# WHAT IS EXPECTED:
Find the line containing "then 1 else" in the entries below. Restate it and each line after it, word for word, up to and including the line containing "(1 + \<Sum>_k b_k)\<close> and".

# ENTRIES SHOWN:
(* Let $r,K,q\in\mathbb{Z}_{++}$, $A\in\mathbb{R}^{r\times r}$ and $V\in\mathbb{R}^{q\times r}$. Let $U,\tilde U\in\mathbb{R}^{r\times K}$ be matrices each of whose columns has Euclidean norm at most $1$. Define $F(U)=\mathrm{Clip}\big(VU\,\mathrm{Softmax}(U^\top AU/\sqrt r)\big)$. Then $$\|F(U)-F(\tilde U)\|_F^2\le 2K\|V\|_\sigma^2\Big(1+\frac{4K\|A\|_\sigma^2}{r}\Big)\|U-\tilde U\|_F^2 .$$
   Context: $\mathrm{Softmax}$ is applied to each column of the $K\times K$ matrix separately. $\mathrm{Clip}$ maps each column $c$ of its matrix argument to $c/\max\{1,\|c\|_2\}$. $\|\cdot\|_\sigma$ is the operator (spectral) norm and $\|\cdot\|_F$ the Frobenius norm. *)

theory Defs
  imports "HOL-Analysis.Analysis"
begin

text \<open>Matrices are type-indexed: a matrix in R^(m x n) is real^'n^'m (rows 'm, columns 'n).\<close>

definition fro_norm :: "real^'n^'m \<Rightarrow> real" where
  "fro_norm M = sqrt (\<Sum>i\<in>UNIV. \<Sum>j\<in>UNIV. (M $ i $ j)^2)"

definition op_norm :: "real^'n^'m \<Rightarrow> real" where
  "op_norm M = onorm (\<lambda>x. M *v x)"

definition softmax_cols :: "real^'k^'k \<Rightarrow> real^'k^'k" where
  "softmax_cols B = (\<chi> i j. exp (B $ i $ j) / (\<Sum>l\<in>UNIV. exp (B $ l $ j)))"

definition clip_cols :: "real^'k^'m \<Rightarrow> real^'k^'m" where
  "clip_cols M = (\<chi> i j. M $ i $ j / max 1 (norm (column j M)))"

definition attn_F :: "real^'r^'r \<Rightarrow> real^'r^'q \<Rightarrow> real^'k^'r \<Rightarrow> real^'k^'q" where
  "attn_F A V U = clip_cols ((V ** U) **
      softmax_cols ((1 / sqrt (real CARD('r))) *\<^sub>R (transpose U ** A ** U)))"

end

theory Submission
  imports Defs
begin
==
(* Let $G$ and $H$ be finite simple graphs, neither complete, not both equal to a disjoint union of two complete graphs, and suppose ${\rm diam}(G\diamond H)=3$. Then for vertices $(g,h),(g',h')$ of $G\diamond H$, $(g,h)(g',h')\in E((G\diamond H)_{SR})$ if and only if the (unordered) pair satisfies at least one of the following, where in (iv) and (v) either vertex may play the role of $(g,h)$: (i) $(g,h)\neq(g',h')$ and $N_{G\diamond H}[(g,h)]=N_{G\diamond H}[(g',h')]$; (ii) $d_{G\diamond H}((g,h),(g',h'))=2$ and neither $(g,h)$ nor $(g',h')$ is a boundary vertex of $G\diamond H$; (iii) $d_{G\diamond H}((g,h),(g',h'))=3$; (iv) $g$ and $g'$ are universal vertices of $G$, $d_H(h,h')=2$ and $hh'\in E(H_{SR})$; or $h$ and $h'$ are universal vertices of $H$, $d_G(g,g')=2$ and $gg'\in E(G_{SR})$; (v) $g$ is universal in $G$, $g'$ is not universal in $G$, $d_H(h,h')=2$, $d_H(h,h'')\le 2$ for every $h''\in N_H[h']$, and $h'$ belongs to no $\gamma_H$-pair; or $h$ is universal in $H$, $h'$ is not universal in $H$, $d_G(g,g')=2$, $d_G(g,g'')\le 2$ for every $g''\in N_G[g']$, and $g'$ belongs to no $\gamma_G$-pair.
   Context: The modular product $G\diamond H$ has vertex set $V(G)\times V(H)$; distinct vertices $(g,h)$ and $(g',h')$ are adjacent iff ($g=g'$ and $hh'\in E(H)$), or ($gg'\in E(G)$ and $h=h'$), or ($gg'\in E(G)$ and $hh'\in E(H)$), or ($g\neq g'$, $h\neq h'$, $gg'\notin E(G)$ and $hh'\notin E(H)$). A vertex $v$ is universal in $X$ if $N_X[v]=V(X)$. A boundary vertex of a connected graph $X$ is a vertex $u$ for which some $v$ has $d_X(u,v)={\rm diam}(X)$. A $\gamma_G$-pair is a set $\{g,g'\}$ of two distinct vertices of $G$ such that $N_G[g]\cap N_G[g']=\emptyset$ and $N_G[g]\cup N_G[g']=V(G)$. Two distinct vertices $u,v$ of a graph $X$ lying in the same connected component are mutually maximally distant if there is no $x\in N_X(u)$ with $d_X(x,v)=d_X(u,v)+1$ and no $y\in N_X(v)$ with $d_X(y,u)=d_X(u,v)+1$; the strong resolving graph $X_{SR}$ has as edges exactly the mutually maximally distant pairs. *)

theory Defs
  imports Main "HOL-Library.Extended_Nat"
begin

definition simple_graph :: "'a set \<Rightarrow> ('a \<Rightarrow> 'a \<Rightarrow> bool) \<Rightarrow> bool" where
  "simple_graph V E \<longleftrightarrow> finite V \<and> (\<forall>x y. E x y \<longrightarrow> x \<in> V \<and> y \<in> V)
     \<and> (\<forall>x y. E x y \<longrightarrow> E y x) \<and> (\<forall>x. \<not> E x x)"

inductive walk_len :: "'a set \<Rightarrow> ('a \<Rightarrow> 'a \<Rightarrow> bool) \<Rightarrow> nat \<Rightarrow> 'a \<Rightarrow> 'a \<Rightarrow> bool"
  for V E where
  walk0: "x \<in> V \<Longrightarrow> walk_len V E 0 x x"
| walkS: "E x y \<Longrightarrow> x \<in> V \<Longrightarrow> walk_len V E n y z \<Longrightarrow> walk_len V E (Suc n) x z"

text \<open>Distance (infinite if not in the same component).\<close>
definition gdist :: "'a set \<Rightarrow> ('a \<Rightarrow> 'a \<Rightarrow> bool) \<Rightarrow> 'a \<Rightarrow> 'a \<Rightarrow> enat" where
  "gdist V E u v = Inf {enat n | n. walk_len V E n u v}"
---
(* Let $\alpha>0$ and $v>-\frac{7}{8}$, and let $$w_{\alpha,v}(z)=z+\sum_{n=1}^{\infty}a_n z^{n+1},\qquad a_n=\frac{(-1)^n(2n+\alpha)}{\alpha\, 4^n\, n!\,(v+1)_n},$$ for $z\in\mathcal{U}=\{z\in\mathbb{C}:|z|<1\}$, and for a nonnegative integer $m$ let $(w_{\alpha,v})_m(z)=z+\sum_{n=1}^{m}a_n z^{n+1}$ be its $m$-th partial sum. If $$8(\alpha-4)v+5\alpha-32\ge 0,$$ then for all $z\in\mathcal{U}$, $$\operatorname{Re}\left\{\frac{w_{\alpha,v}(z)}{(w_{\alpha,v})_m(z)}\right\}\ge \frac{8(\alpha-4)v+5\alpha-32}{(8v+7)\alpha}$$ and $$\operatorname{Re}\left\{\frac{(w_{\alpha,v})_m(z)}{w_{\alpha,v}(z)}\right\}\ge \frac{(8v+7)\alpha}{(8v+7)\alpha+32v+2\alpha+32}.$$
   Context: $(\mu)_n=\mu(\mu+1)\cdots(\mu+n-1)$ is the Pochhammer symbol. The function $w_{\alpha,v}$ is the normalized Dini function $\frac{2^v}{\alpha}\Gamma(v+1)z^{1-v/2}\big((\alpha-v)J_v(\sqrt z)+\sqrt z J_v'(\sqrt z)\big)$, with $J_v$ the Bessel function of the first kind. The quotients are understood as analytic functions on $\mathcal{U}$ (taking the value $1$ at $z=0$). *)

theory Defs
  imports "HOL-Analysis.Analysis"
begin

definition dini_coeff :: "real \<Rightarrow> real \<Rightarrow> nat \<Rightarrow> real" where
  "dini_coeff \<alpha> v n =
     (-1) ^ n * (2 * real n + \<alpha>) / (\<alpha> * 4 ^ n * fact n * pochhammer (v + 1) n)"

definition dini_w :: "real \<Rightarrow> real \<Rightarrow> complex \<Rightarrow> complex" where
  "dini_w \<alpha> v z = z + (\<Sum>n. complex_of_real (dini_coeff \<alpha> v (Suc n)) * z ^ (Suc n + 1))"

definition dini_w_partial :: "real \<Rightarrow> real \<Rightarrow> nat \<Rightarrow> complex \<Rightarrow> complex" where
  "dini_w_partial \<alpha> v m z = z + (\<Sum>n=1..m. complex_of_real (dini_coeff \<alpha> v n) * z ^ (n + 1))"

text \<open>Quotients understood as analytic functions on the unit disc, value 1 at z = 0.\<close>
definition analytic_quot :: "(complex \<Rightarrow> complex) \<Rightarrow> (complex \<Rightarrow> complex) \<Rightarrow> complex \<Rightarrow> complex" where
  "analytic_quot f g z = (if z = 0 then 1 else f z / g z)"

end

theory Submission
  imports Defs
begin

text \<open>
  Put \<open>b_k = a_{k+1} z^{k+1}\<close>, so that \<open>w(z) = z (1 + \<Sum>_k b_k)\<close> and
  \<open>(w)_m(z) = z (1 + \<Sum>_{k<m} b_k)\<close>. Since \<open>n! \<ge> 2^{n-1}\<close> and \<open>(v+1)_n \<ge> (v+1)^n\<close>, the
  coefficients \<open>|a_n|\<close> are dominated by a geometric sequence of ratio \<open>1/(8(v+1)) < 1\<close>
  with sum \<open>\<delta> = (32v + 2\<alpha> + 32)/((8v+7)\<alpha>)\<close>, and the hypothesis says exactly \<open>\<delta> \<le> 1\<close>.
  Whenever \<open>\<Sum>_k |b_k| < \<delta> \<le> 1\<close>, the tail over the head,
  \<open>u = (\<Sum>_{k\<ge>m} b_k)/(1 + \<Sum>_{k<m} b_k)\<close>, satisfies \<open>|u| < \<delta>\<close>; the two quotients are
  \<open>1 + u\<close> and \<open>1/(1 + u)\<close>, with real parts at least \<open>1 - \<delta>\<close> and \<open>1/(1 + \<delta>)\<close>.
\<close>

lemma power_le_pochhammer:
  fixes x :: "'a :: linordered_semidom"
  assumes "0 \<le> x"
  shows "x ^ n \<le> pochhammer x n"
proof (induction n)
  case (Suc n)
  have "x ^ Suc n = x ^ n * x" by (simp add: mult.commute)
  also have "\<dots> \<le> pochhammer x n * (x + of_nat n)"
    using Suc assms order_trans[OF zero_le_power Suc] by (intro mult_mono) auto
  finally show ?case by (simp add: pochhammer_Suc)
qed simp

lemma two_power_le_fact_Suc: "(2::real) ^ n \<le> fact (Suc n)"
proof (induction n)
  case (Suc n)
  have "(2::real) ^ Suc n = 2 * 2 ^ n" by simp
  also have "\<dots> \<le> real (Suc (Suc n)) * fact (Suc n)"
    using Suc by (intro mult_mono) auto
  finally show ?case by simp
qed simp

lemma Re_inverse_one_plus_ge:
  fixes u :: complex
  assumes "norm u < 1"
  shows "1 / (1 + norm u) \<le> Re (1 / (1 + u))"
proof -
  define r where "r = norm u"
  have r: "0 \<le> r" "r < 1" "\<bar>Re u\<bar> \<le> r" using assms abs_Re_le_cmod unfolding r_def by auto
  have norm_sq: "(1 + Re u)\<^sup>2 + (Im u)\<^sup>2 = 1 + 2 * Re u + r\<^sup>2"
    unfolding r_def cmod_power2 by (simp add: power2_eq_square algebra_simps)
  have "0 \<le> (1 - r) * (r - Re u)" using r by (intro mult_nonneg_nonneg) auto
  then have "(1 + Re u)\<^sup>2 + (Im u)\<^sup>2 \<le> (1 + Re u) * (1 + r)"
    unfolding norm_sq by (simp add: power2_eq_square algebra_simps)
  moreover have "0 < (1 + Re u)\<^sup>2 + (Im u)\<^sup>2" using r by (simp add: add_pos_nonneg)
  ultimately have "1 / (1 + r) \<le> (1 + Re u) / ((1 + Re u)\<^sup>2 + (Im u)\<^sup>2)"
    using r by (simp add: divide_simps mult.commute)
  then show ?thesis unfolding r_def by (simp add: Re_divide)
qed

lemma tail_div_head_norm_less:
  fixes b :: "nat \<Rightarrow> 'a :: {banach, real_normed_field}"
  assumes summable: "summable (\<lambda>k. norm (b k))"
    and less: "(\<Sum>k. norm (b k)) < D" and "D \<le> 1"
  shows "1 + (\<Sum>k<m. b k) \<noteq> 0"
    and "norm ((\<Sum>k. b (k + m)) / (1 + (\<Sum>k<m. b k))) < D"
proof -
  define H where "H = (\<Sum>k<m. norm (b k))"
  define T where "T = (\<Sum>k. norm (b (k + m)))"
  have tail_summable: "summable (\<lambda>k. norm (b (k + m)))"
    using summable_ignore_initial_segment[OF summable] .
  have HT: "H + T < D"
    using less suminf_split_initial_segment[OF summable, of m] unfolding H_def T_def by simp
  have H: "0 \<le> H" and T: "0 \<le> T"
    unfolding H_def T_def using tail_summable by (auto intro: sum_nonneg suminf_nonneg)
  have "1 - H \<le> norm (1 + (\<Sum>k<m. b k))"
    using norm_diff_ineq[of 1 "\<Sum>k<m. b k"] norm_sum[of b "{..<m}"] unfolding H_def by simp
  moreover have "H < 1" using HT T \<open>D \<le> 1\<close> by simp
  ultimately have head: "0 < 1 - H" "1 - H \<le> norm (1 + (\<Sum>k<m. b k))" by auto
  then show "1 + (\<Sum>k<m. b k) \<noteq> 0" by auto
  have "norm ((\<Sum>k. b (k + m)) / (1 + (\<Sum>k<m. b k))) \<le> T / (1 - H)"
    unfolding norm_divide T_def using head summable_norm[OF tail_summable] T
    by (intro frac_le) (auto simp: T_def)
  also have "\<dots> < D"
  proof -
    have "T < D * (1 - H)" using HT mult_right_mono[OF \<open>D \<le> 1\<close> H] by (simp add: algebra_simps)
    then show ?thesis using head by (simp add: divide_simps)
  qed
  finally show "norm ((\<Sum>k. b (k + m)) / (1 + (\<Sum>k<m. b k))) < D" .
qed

# SOLUTION:
  "analytic_quot f g z = (if z = 0 then 1 else f z / g z)"

end

theory Submission
  imports Defs
begin

text \<open>
  Put \<open>b_k = a_{k+1} z^{k+1}\<close>, so that \<open>w(z) = z (1 + \<Sum>_k b_k)\<close> and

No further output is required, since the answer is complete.